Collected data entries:
------------------------------------------------------------------------
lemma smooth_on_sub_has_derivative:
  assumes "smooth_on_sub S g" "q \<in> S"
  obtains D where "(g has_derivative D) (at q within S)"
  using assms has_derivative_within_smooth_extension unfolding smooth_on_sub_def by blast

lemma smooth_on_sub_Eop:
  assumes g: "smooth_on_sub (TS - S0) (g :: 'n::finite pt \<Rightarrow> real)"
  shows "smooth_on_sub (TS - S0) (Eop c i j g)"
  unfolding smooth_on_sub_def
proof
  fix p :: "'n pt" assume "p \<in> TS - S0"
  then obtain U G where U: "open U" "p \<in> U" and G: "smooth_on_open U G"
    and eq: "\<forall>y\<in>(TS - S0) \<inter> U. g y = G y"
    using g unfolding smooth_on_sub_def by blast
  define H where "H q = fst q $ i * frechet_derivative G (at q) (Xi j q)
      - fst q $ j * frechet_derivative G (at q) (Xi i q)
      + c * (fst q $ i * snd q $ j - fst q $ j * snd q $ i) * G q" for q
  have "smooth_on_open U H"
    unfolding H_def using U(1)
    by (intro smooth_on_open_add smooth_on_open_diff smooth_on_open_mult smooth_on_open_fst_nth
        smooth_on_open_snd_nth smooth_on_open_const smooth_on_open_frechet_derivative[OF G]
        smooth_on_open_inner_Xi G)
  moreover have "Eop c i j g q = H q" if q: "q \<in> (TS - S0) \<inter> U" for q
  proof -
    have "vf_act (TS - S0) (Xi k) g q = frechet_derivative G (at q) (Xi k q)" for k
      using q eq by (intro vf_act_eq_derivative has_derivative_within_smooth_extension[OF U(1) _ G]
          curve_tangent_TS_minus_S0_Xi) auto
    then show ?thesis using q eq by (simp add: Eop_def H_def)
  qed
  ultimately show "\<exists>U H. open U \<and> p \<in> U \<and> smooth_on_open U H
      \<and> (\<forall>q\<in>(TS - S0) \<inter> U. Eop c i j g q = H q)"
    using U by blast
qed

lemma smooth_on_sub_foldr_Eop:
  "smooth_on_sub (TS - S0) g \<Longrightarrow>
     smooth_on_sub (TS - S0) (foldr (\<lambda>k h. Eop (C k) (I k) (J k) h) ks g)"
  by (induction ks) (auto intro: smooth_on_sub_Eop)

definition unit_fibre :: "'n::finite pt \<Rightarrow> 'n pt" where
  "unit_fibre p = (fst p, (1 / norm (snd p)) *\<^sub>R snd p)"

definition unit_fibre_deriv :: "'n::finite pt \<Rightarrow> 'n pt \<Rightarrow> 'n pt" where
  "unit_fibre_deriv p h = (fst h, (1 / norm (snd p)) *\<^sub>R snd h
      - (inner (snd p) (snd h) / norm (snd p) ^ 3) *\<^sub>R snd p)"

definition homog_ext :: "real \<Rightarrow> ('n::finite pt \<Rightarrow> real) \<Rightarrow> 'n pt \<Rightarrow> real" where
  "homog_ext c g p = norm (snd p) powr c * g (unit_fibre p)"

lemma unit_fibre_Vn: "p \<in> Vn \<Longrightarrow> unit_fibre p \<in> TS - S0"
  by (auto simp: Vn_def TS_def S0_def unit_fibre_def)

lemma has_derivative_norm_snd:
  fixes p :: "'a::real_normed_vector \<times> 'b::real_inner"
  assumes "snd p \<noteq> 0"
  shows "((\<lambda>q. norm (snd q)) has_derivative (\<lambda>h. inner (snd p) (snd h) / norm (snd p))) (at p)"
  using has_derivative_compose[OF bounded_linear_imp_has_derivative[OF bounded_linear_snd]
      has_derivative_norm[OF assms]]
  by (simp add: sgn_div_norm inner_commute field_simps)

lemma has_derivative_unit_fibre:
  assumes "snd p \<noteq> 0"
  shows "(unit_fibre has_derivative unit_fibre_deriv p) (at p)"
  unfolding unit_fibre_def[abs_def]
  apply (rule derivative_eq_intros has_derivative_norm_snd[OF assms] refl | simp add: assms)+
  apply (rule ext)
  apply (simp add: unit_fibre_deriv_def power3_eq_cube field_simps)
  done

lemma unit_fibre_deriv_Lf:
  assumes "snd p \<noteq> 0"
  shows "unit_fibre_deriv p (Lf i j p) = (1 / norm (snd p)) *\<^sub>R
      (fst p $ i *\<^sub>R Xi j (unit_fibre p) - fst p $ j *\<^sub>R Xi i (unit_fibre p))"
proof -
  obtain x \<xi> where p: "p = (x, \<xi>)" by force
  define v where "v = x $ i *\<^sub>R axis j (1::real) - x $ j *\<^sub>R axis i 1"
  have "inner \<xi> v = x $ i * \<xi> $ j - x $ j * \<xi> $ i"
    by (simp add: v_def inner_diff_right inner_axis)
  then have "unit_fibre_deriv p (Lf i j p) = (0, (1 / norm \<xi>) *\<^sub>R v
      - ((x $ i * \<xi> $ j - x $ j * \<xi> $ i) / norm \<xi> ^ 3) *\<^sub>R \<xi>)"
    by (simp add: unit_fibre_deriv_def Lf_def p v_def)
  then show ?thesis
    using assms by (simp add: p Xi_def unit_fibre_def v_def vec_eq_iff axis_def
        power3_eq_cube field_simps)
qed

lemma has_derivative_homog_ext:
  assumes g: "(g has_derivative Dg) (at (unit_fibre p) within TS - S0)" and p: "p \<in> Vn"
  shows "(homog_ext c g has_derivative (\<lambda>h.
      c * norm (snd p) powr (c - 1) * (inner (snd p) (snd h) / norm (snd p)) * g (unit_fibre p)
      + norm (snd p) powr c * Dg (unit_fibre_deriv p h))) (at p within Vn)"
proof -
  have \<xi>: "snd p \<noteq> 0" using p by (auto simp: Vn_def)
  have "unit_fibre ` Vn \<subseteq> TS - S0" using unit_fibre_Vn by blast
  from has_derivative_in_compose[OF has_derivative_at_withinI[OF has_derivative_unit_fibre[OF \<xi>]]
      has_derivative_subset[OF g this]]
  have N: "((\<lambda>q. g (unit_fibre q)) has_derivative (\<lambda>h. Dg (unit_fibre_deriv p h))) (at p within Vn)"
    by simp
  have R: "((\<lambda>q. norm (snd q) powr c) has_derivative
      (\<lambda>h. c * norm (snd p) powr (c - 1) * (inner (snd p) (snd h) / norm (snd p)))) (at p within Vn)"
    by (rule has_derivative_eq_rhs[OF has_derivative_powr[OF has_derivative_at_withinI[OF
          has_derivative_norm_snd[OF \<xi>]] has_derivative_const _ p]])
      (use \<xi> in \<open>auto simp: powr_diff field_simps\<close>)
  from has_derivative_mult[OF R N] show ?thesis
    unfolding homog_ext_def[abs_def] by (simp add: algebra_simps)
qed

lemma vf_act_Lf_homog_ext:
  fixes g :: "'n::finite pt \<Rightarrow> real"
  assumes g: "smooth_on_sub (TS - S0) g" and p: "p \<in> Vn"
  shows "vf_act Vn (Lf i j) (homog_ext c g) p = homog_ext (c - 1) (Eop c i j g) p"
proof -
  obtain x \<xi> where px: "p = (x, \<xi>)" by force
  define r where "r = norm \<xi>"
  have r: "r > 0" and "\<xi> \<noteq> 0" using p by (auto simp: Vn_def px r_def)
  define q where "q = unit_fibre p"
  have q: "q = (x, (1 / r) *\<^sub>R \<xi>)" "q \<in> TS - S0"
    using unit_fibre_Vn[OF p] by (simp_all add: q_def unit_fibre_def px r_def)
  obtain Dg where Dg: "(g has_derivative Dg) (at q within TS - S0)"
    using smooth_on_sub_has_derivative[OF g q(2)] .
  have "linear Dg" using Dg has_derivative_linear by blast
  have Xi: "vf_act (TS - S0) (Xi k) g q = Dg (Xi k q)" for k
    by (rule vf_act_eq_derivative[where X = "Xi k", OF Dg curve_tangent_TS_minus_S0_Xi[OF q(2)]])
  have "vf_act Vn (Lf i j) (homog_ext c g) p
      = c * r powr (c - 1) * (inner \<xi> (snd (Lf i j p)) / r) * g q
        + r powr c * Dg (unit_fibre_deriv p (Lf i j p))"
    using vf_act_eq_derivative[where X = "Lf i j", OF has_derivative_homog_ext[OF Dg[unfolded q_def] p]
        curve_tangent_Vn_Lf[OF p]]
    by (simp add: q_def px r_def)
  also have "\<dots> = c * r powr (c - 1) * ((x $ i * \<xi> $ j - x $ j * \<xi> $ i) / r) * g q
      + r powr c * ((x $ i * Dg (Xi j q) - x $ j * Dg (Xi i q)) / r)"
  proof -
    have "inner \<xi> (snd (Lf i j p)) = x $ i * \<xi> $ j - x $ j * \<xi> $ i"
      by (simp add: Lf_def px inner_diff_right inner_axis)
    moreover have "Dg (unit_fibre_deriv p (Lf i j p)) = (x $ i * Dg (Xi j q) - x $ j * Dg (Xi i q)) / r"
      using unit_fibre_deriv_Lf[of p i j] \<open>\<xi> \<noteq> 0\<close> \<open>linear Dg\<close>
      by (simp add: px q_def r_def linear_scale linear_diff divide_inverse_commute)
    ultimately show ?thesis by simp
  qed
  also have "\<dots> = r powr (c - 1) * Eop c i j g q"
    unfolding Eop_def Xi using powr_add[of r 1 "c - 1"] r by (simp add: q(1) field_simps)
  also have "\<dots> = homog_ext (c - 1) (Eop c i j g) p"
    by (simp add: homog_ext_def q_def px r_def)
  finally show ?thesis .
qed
------------------------------------------------------------------------
Task objective | Go back to the data above and please quote exactly, and only, the lines from the line with "by (simp add: q_def px r_def)" through its last line.

Problem solution |
    by (simp add: q_def px r_def)
  also have "\<dots> = c * r powr (c - 1) * ((x $ i * \<xi> $ j - x $ j * \<xi> $ i) / r) * g q
      + r powr c * ((x $ i * Dg (Xi j q) - x $ j * Dg (Xi i q)) / r)"
  proof -
    have "inner \<xi> (snd (Lf i j p)) = x $ i * \<xi> $ j - x $ j * \<xi> $ i"
      by (simp add: Lf_def px inner_diff_right inner_axis)
    moreover have "Dg (unit_fibre_deriv p (Lf i j p)) = (x $ i * Dg (Xi j q) - x $ j * Dg (Xi i q)) / r"
      using unit_fibre_deriv_Lf[of p i j] \<open>\<xi> \<noteq> 0\<close> \<open>linear Dg\<close>
      by (simp add: px q_def r_def linear_scale linear_diff divide_inverse_commute)
    ultimately show ?thesis by simp
  qed
  also have "\<dots> = r powr (c - 1) * Eop c i j g q"
    unfolding Eop_def Xi using powr_add[of r 1 "c - 1"] r by (simp add: q(1) field_simps)
  also have "\<dots> = homog_ext (c - 1) (Eop c i j g) p"
    by (simp add: homog_ext_def q_def px r_def)
  finally show ?thesis .
qed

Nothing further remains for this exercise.